Another student, Patricia Kjellby, is sceptical she and her classmates will be able to don their traditional white caps next week to celebrate the completion of their upper secondary school education.

"We're supposed to graduate in four days and I'm meant to complete a course that is actually supposed to last the whole year. That's impossible," she told the Expressen newspaper.

"To be honest, I'm extremely pissed off; that they figured this out now, just a few days before graduation."

The students' frustration stems from the shocking news delivered by officials at the Aniaragymnasiet high school that they neglected to teach the students a required course in religion.

According to the school's principal, the mix-up stems from a misinterpretation of the curriculum laid out by Swedish law.

"When you read the law, it can be interpreted that you can switch religion with social science," Christel Berver, principal at the publicly-funded, privately-managed free school, told Metro.

But such a change isn't, in fact, allowed.

Students had raised the issue previously with their teachers, expressing suspicions that the school had left something out, but to no avail.

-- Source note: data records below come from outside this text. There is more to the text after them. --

(* Let $K$ be an infinite field containing $\mathbb{F}_q$, let $B\in\mathrm{GL}_n(K)$, and let $N\in\mathrm{GL}_n(K)$ be such that $N^{-1}BN^{(q)}=\Delta$, where $\Delta$ is the matrix with $1$'s on the subdiagonal, last column $(a_0,a_1,\dots,a_{n-1})^T$ and all other entries $0$. Then the splitting field over $K$ of the system $BX^{(q)}=X$ coincides with the splitting field over $K$ of the additive polynomial $f(Y)=Y^{q^n}-a_0Y-a_1Y^q-\cdots-a_{n-1}Y^{q^{n-1}}$.
   Context: $X^{(q)}$, $N^{(q)}$ denote entrywise $q$-th powers. The splitting field over $K$ of $BX^{(q)}=X$ is the subfield of $K_{\mathrm{sep}}$ generated over $K$ by the coordinates of all its solutions in $K_{\mathrm{sep}}^n$. *)

theory Defs
  imports "HOL-Computational_Algebra.Polynomial" "Jordan_Normal_Form.Matrix"
begin

text \<open>All fields are subfields of an ambient algebraically closed field of type 'a.\<close>

definition is_subfield :: "'a::field set \<Rightarrow> bool" where
  "is_subfield F \<longleftrightarrow> 0 \<in> F \<and> 1 \<in> F \<and>
     (\<forall>x\<in>F. \<forall>y\<in>F. x + y \<in> F \<and> x * y \<in> F) \<and>
     (\<forall>x\<in>F. - x \<in> F) \<and> (\<forall>x\<in>F. x \<noteq> 0 \<longrightarrow> inverse x \<in> F)"

definition gen_field :: "'a::field set \<Rightarrow> 'a set" where
  "gen_field S = \<Inter>{F. is_subfield F \<and> S \<subseteq> F}"

definition separable_poly :: "'a::field poly \<Rightarrow> bool" where
  "separable_poly p \<longleftrightarrow> coprime p (pderiv p)"

definition sep_closure :: "'a::field set \<Rightarrow> 'a set" where
  "sep_closure K = {x. \<exists>p. p \<noteq> 0 \<and> (\<forall>i. coeff p i \<in> K) \<and> separable_poly p \<and> poly p x = 0}"

definition mat_qpow :: "nat \<Rightarrow> 'a::field mat \<Rightarrow> 'a mat" where
  "mat_qpow q A = map_mat (\<lambda>x. x ^ q) A"

definition vec_qpow :: "nat \<Rightarrow> 'a::field vec \<Rightarrow> 'a vec" where
  "vec_qpow q v = map_vec (\<lambda>x. x ^ q) v"

definition Delta :: "nat \<Rightarrow> (nat \<Rightarrow> 'a::field) \<Rightarrow> 'a mat" where
  "Delta n a = mat n n (\<lambda>(i,j). if j = n - 1 then a i else if i = j + 1 then 1 else 0)"

definition add_poly :: "nat \<Rightarrow> nat \<Rightarrow> (nat \<Rightarrow> 'a::field) \<Rightarrow> 'a poly" where
  "add_poly q n a = monom 1 (q ^ n) - (\<Sum>i<n. monom (a i) (q ^ i))"

definition system_splitting_field :: "'a::field set \<Rightarrow> nat \<Rightarrow> nat \<Rightarrow> 'a mat \<Rightarrow> 'a set" where
  "system_splitting_field K q n B =
     gen_field (K \<union> {X $ i | X i. X \<in> carrier_vec n \<and> (\<forall>j<n. X $ j \<in> sep_closure K) \<and>
                                   B *\<^sub>v vec_qpow q X = X \<and> i < n})"

definition poly_splitting_field :: "'a::field set \<Rightarrow> 'a poly \<Rightarrow> 'a set" where
  "poly_splitting_field K f = gen_field (K \<union> {y. y \<in> sep_closure K \<and> poly f y = 0})"

end

theory Submission
  imports Defs "Jordan_Normal_Form.Determinant"
begin

text \<open>
  Writing \<open>X = N Y\<close> turns \<open>B X\<^sup>(\<^sup>q\<^sup>) = X\<close> into the companion system \<open>Y = \<Delta> Y\<^sup>(\<^sup>q\<^sup>)\<close>, that is
  \<open>Y\<^sub>0 = a\<^sub>0 Y\<^sub>n\<^sub>-\<^sub>1\<^sup>q\<close> and \<open>Y\<^sub>i = Y\<^sub>i\<^sub>-\<^sub>1\<^sup>q + a\<^sub>i Y\<^sub>n\<^sub>-\<^sub>1\<^sup>q\<close>. For a root \<open>v\<close> of \<open>f\<close> and a solution \<open>Y\<close>, the pairing
  \<open>\<Sum> v\<^bsup>q\<^sup>i\<^esup> Y\<^sub>i\<close> is fixed by the Frobenius map, so it lies in \<open>\<bbbF>\<^sub>q \<subseteq> K\<close>. The pairing is
  nondegenerate on both sides: a \<open>q\<close>-polynomial of degree at most \<open>q\<^sup>n\<^sup>-\<^sup>1\<close> cannot vanish at the
  \<open>q\<^sup>n\<close> roots of the separable polynomial \<open>f\<close>; and the solutions, which are parametrised by their
  last coordinate running through the \<open>q\<^sup>n\<close> roots of a separable "dual" \<open>q\<close>-polynomial, satisfy no
  common nontrivial linear relation. Hence the coordinates of a solution form the unique solution of a
  linear system with coefficients \<open>v\<^bsup>q\<^sup>i\<^esup>\<close> and right-hand sides in \<open>K\<close>, and conversely the powers
  \<open>v\<^bsup>q\<^sup>i\<^esup>\<close> of a root solve a uniquely solvable system whose coefficients are solution coordinates.
  Since Gaussian elimination stays inside any subfield containing the coefficients, each splitting
  field contains the generators of the other.

  The solutions whose coordinates generate the first field must lie in \<open>K\<^sub>s\<^sub>e\<^sub>p\<close>, and they all do:
  the \<open>q\<close>-th power of a \<open>K\<close>-linear form in \<open>Y\<close> is again such a form, and a \<open>K\<close>-linear dependence of
  minimal length among the iterates has nonzero constant term, giving a separable \<open>q\<close>-polynomial
  over \<open>K\<close> that annihilates the form.
\<close>

section \<open>Subfields\<close>

context
  fixes F :: "'a::field set"
  assumes F: "is_subfield F"
begin

lemma subfield_zero: "0 \<in> F"
  and subfield_one: "1 \<in> F"
  and subfield_add: "x \<in> F \<Longrightarrow> y \<in> F \<Longrightarrow> x + y \<in> F"
  and subfield_mult: "x \<in> F \<Longrightarrow> y \<in> F \<Longrightarrow> x * y \<in> F"
  and subfield_uminus: "x \<in> F \<Longrightarrow> - x \<in> F"
  using F by (auto simp: is_subfield_def)

lemma subfield_inverse: "x \<in> F \<Longrightarrow> inverse x \<in> F"
  using F by (cases "x = 0") (auto simp: is_subfield_def)

lemma subfield_diff: "x \<in> F \<Longrightarrow> y \<in> F \<Longrightarrow> x - y \<in> F"
  using subfield_add[of x "- y"] subfield_uminus[of y] by simp

lemma subfield_divide: "x \<in> F \<Longrightarrow> y \<in> F \<Longrightarrow> x / y \<in> F"
  using subfield_mult[of x "inverse y"] subfield_inverse[of y] by (simp add: divide_inverse)

lemma subfield_power: "x \<in> F \<Longrightarrow> x ^ k \<in> F"
  by (induction k) (auto intro: subfield_one subfield_mult)

lemma subfield_sum: "(\<And>i. i \<in> A \<Longrightarrow> f i \<in> F) \<Longrightarrow> sum f A \<in> F"
  by (induction A rule: infinite_finite_induct) (auto intro: subfield_zero subfield_add)

end

lemmas subfield_closed = subfield_zero subfield_one subfield_add subfield_mult subfield_uminus
  subfield_diff subfield_divide subfield_power subfield_sum

lemma is_subfield_gen_field: "is_subfield (gen_field S)"
  unfolding gen_field_def is_subfield_def by blast

lemma gen_field_superset: "S \<subseteq> gen_field S"
  unfolding gen_field_def by blast

lemma gen_field_least: "is_subfield F \<Longrightarrow> S \<subseteq> F \<Longrightarrow> gen_field S \<subseteq> F"
  unfolding gen_field_def by blast

lemma is_subfield_poly_splitting_field: "is_subfield (poly_splitting_field K P)"
  and subset_poly_splitting_field: "K \<subseteq> poly_splitting_field K P"
  unfolding poly_splitting_field_def using is_subfield_gen_field gen_field_superset by blast+

lemma root_in_poly_splitting_field:
  "y \<in> sep_closure K \<Longrightarrow> poly P y = 0 \<Longrightarrow> y \<in> poly_splitting_field K P"
  unfolding poly_splitting_field_def by (rule subsetD[OF gen_field_superset]) simp

lemma poly_splitting_field_least:
  assumes "is_subfield F" "K \<subseteq> F" and "\<And>y. y \<in> sep_closure K \<Longrightarrow> poly P y = 0 \<Longrightarrow> y \<in> F"
  shows "poly_splitting_field K P \<subseteq> F"
  unfolding poly_splitting_field_def using assms by (intro gen_field_least) auto

lemma is_subfield_system_splitting_field: "is_subfield (system_splitting_field K q n B)"
  and subset_system_splitting_field: "K \<subseteq> system_splitting_field K q n B"
  unfolding system_splitting_field_def using is_subfield_gen_field gen_field_superset by blast+

lemma solution_in_system_splitting_field:
  assumes "X \<in> carrier_vec n" "\<forall>j<n. X $ j \<in> sep_closure K" "B *\<^sub>v vec_qpow q X = X" and "i < n"
  shows "X $ i \<in> system_splitting_field K q n B"
  unfolding system_splitting_field_def by (rule subsetD[OF gen_field_superset]) (use assms in blast)

lemma system_splitting_field_least:
  assumes "is_subfield F" "K \<subseteq> F"
    and "\<And>X i. X \<in> carrier_vec n \<Longrightarrow> B *\<^sub>v vec_qpow q X = X \<Longrightarrow> i < n \<Longrightarrow> X $ i \<in> F"
  shows "system_splitting_field K q n B \<subseteq> F"
  unfolding system_splitting_field_def using assms by (intro gen_field_least) auto


section \<open>Linear systems with coefficients in a subfield\<close>

definition has_nontrivial_solution :: "'a::field set \<Rightarrow> nat \<Rightarrow> 'i set \<Rightarrow> ('i \<Rightarrow> nat \<Rightarrow> 'a) \<Rightarrow> bool"
  where "has_nontrivial_solution F d I A \<longleftrightarrow>
    (\<exists>c. (\<forall>k<d. c k \<in> F) \<and> (\<exists>k<d. c k \<noteq> 0) \<and> (\<forall>i\<in>I. (\<Sum>k<d. A i k * c k) = 0))"

definition pivot_eliminate :: "('i \<Rightarrow> nat \<Rightarrow> 'a::field) \<Rightarrow> 'i \<Rightarrow> 'i \<Rightarrow> nat \<Rightarrow> 'a"
  where "pivot_eliminate A i0 i k = A i (Suc k) - A i 0 / A i0 0 * A i0 (Suc k)"

lemma sum_pivot_eliminate:
  "(\<Sum>k<d. pivot_eliminate A i0 i k * c k) =
     (\<Sum>k<d. A i (Suc k) * c k) - A i 0 / A i0 0 * (\<Sum>k<d. A i0 (Suc k) * c k)"
  by (simp add: pivot_eliminate_def algebra_simps sum_subtractf sum_distrib_left)

lemma has_nontrivial_solution_pivot_eliminate:
  assumes "has_nontrivial_solution UNIV (Suc d) I A" and "i0 \<in> I" "A i0 0 \<noteq> 0"
  shows "has_nontrivial_solution UNIV d (I - {i0}) (pivot_eliminate A i0)"
proof -
  obtain c where c: "\<exists>k<Suc d. c k \<noteq> 0" "\<forall>i\<in>I. (\<Sum>k<Suc d. A i k * c k) = 0"
    using assms(1) by (auto simp: has_nontrivial_solution_def)
  have tail: "(\<Sum>k<d. A i (Suc k) * c (Suc k)) = - (A i 0 * c 0)" if "i \<in> I" for i
    using c(2) that unfolding sum.lessThan_Suc_shift by (simp add: add_eq_0_iff)
  have "\<exists>k<d. c (Suc k) \<noteq> 0"
  proof (rule ccontr)
    assume "\<not> ?thesis"
    then have "c 0 = 0" using tail[OF assms(2)] assms(3) by simp
    with \<open>\<not> ?thesis\<close> c(1) show False by (metis less_Suc_eq_0_disj)
  qed
  moreover have "\<forall>i\<in>I - {i0}. (\<Sum>k<d. pivot_eliminate A i0 i k * c (Suc k)) = 0"
    using assms(2,3) by (auto simp: sum_pivot_eliminate tail)
  ultimately show ?thesis
    unfolding has_nontrivial_solution_def by (intro exI[of _ "\<lambda>k. c (Suc k)"]) auto
qed

lemma has_nontrivial_solution_unpivot:
  assumes F: "is_subfield F" and "i0 \<in> I" "A i0 0 \<noteq> 0" "\<forall>k<Suc d. A i0 k \<in> F"
    and "has_nontrivial_solution F d (I - {i0}) (pivot_eliminate A i0)"
  shows "has_nontrivial_solution F (Suc d) I A"
proof -
  obtain c where c: "\<forall>k<d. c k \<in> F" "\<exists>k<d. c k \<noteq> 0"
      "\<forall>i\<in>I - {i0}. (\<Sum>k<d. pivot_eliminate A i0 i k * c k) = 0"
    using assms(5) by (auto simp: has_nontrivial_solution_def)
  define c0 where "c0 = - (\<Sum>k<d. A i0 (Suc k) * c k) / A i0 0"
  define c' where "c' k = (if k = 0 then c0 else c (k - 1))" for k
  have split: "(\<Sum>k<Suc d. A i k * c' k) = A i 0 * c0 + (\<Sum>k<d. A i (Suc k) * c k)" for i
    unfolding sum.lessThan_Suc_shift by (simp add: c'_def)
  have "(\<Sum>k<Suc d. A i k * c' k) = 0" if "i \<in> I" for i
  proof (cases "i = i0")
    case True
    then show ?thesis using assms(3) by (simp only: split) (simp add: c0_def)
  next
    case False
    then have "(\<Sum>k<d. A i (Suc k) * c k) = A i 0 / A i0 0 * (\<Sum>k<d. A i0 (Suc k) * c k)"
      using c(3) that by (simp add: sum_pivot_eliminate)
    then show ?thesis using assms(3) by (simp only: split) (simp add: c0_def field_simps)
  qed
  moreover have "c0 \<in> F"
    unfolding c0_def using F assms(4) c(1) by (auto intro!: subfield_closed)
  then have "\<forall>k<Suc d. c' k \<in> F" using c(1) by (auto simp: c'_def)
  moreover have "\<exists>k<Suc d. c' k \<noteq> 0"
  proof -
    obtain k where "k < d" "c k \<noteq> 0" using c(2) by blast
    then show ?thesis by (intro exI[of _ "Suc k"]) (simp add: c'_def)
  qed
  ultimately show ?thesis unfolding has_nontrivial_solution_def by blast
qed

"The last two years I've wondered, 'Aren't we supposed to have religion?'" said Kjellby.

"They said that we had social science instead so I thought that stuff about Buddhism and everything would come then, but it never did."

Now students have less than a week to complete the entire course in religion to avoid finishing high school with incomplete marks.

Alternatively, the students can accept a failing mark for the course and then make up the course in the autumn, the Göteborgs-Posten (GP) newspaper reported.